[Start of section]

lemma anc_mem_if_parent_closed:
  assumes "anc C x y" "y \<in> S" "\<forall>b \<in> S - {genesis C}. parent C b \<in> S"
  shows "x \<in> S"
proof -
  have "(x, y) \<in> (edges C)\<^sup>*"
    using assms(1) unfolding anc_def .
  then show ?thesis
    using assms(2) by induction (use assms(3) in \<open>auto simp: mem_edges_iff\<close>)
qed

lemma edges_trancl_irrefl:
  assumes "anc C (genesis C) b"
  shows "(b, b) \<notin> (edges C)\<^sup>+"
proof -
  have "(genesis C, b) \<in> (edges C)\<^sup>*"
    using assms unfolding anc_def .
  then show ?thesis
  proof induction
    case base
    show ?case
      by (auto elim: tranclE simp: mem_edges_iff)
  next
    case (step y z)
    show ?case
    proof
      assume "(z, z) \<in> (edges C)\<^sup>+"
      then obtain w where "(z, w) \<in> (edges C)\<^sup>*" "(w, z) \<in> edges C"
        by (meson tranclD2)
      moreover from this(2) step(2) have "w = y"
        by (auto simp: mem_edges_iff)
      ultimately have "(y, y) \<in> (edges C)\<^sup>+"
        using step(2) by (meson rtrancl_into_trancl2)
      with step.IH show False by simp
    qed
  qed
qed

lemma not_anc_parent:
  assumes "anc C (genesis C) b" "b \<in> blocks C" "b \<noteq> genesis C"
  shows "\<not> anc C b (parent C b)"
proof
  assume "anc C b (parent C b)"
  moreover have "(parent C b, b) \<in> edges C"
    using assms(2,3) by (simp add: mem_edges_iff)
  ultimately have "(b, b) \<in> (edges C)\<^sup>+"
    unfolding anc_def by (rule rtrancl_into_trancl1)
  with edges_trancl_irrefl[OF assms(1)] show False ..
qed

lemma ancestors_eq_insert_parent:
  assumes "b \<in> blocks C" "b \<noteq> genesis C"
  shows "{y. anc C y b} = insert b {y. anc C y (parent C b)}"
  using anc_cases[of C _ b] anc_trans[OF _ anc_parent[OF assms]] anc_refl[of C b] by auto

lemma finite_ancestors:
  assumes "anc C (genesis C) b"
  shows "finite {y. anc C y b}"
proof -
  have "(genesis C, b) \<in> (edges C)\<^sup>*"
    using assms unfolding anc_def .
  then show ?thesis
  proof induction
    case base
    have "{y. anc C y (genesis C)} = {genesis C}"
      using anc_cases[of C _ "genesis C"] anc_refl[of C "genesis C"] by auto
    then show ?case by simp
  next
    case (step y z)
    then show ?case
      using ancestors_eq_insert_parent[of z C] by (auto simp: mem_edges_iff)
  qed
qed

lemma finite_chain_has_anc_max:
  assumes "finite S" "S \<noteq> {}" "\<And>x y. x \<in> S \<Longrightarrow> y \<in> S \<Longrightarrow> anc C x y \<or> anc C y x"
  shows "\<exists>z \<in> S. \<forall>w \<in> S. anc C w z"
  using assms
proof (induction S rule: finite_ne_induct)
  case (singleton x)
  then show ?case using anc_refl by blast
next
  case (insert x F)
  then obtain z where z: "z \<in> F" "\<forall>w \<in> F. anc C w z" by blast
  with insert.prems[of x z] show ?case
    using anc_refl[of C x] anc_trans[of C _ z x] by blast
qed

lemma split_compD:
  assumes "split_comp C"
  shows split_comp_parent_mem: "\<And>b. b \<in> blocks C \<Longrightarrow> b \<noteq> genesis C \<Longrightarrow> parent C b \<in> blocks C"
    and split_comp_anc_genesis: "\<And>b. b \<in> blocks C \<Longrightarrow> anc C (genesis C) b"
    and split_comp_amt_nonneg: "\<And>b. b \<in> blocks C \<Longrightarrow> b \<noteq> genesis C \<Longrightarrow> 0 \<le> amt C b"
    and split_comp_genesis_pre: "genesis C \<in> pre C"
    and split_comp_parent_pre: "\<forall>b \<in> pre C - {genesis C}. parent C b \<in> pre C"
    and split_comp_side: "\<And>b. b \<in> blocks C \<Longrightarrow> b \<notin> pre C \<Longrightarrow> side C b \<in> {1, 2}"
    and split_comp_side_parent: "\<And>b. b \<in> blocks C \<Longrightarrow> b \<notin> pre C \<Longrightarrow>
      parent C b \<in> pre C \<or> side C (parent C b) = side C b"
    and split_comp_pre_valid: "\<And>b. b \<in> pre C \<Longrightarrow> b \<noteq> genesis C \<Longrightarrow> 0 \<le> bal C b (src C b)"
    and split_comp_share: "\<And>s b a. b \<in> blocks C \<Longrightarrow> b \<notin> pre C \<Longrightarrow> is_seed C s b \<Longrightarrow>
      0 \<le> share C s 1 a \<and> 0 \<le> share C s 2 a \<and> share C s 1 a + share C s 2 a = bal C s a"
    and split_comp_post_valid: "\<And>s b. b \<in> blocks C \<Longrightarrow> b \<notin> pre C \<Longrightarrow> is_seed C s b \<Longrightarrow>
      0 \<le> share C s (side C b) (src C b) + (\<Sum>y \<in> {y. anc C y b} - pre C. delta C y (src C b))"
  using assms unfolding split_comp_def by (elim conjE; meson DiffI singletonD)+

lemma split_comp_anc_pre:
  assumes "split_comp C" "anc C y z" "z \<in> pre C"
  shows "y \<in> pre C"
  using anc_mem_if_parent_closed[OF assms(2,3) split_comp_parent_pre[OF assms(1)]] .

lemma is_seed_parent:
  assumes "is_seed C s b" "b \<in> blocks C" "b \<noteq> genesis C" "b \<notin> pre C"
  shows "is_seed C s (parent C b)"
  using assms anc_cases[of C s b] anc_trans[OF _ anc_parent[OF assms(2,3)]]
  unfolding is_seed_def by blast

lemma bal_eq_seed_bal_plus_post_sum:
  assumes "split_comp C" "b \<in> blocks C" "is_seed C s b"
  shows "bal C b a = bal C s a + (\<Sum>y \<in> {y. anc C y b} - pre C. delta C y a)"
proof -
  have s: "s \<in> pre C" "anc C s b" "\<And>y. anc C y b \<Longrightarrow> y \<in> pre C \<Longrightarrow> anc C y s"
    using assms(3) unfolding is_seed_def by blast+
  have "{y. anc C y b} - {genesis C} = ({y. anc C y s} - {genesis C}) \<union> ({y. anc C y b} - pre C)"
    using s anc_trans[OF _ s(2)] split_comp_genesis_pre[OF assms(1)] by blast
  moreover have "({y. anc C y s} - {genesis C}) \<inter> ({y. anc C y b} - pre C) = {}"
    using split_comp_anc_pre[OF assms(1) _ s(1)] by blast
  moreover have "finite {y. anc C y b}"
    by (rule finite_ancestors[OF split_comp_anc_genesis[OF assms(1,2)]])
  moreover from this have "finite {y. anc C y s}"
    by (rule rev_finite_subset) (use anc_trans[OF _ s(2)] in blast)
  ultimately show ?thesis
    unfolding bal_def by (simp add: sum.union_disjoint)
qed

lemma post_sum_eq_parent:
  assumes "anc C (genesis C) b" "b \<in> blocks C" "b \<noteq> genesis C" "b \<notin> pre C"
  shows "(\<Sum>y \<in> {y. anc C y b} - pre C. f y) = f b + (\<Sum>y \<in> {y. anc C y (parent C b)} - pre C. f y)"
proof -
  have "{y. anc C y b} - pre C = insert b ({y. anc C y (parent C b)} - pre C)"
    using ancestors_eq_insert_parent[OF assms(2,3)] assms(4) by blast
  moreover have "finite {y. anc C y (parent C b)}"
    using ancestors_eq_insert_parent[OF assms(2,3)] finite_ancestors[OF assms(1)] by auto
  ultimately show ?thesis
    using not_anc_parent[OF assms(1-3)] by simp
qed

[End of section]

Counting only lines above that contain the string "shows", report how many there are and write nothing further.

11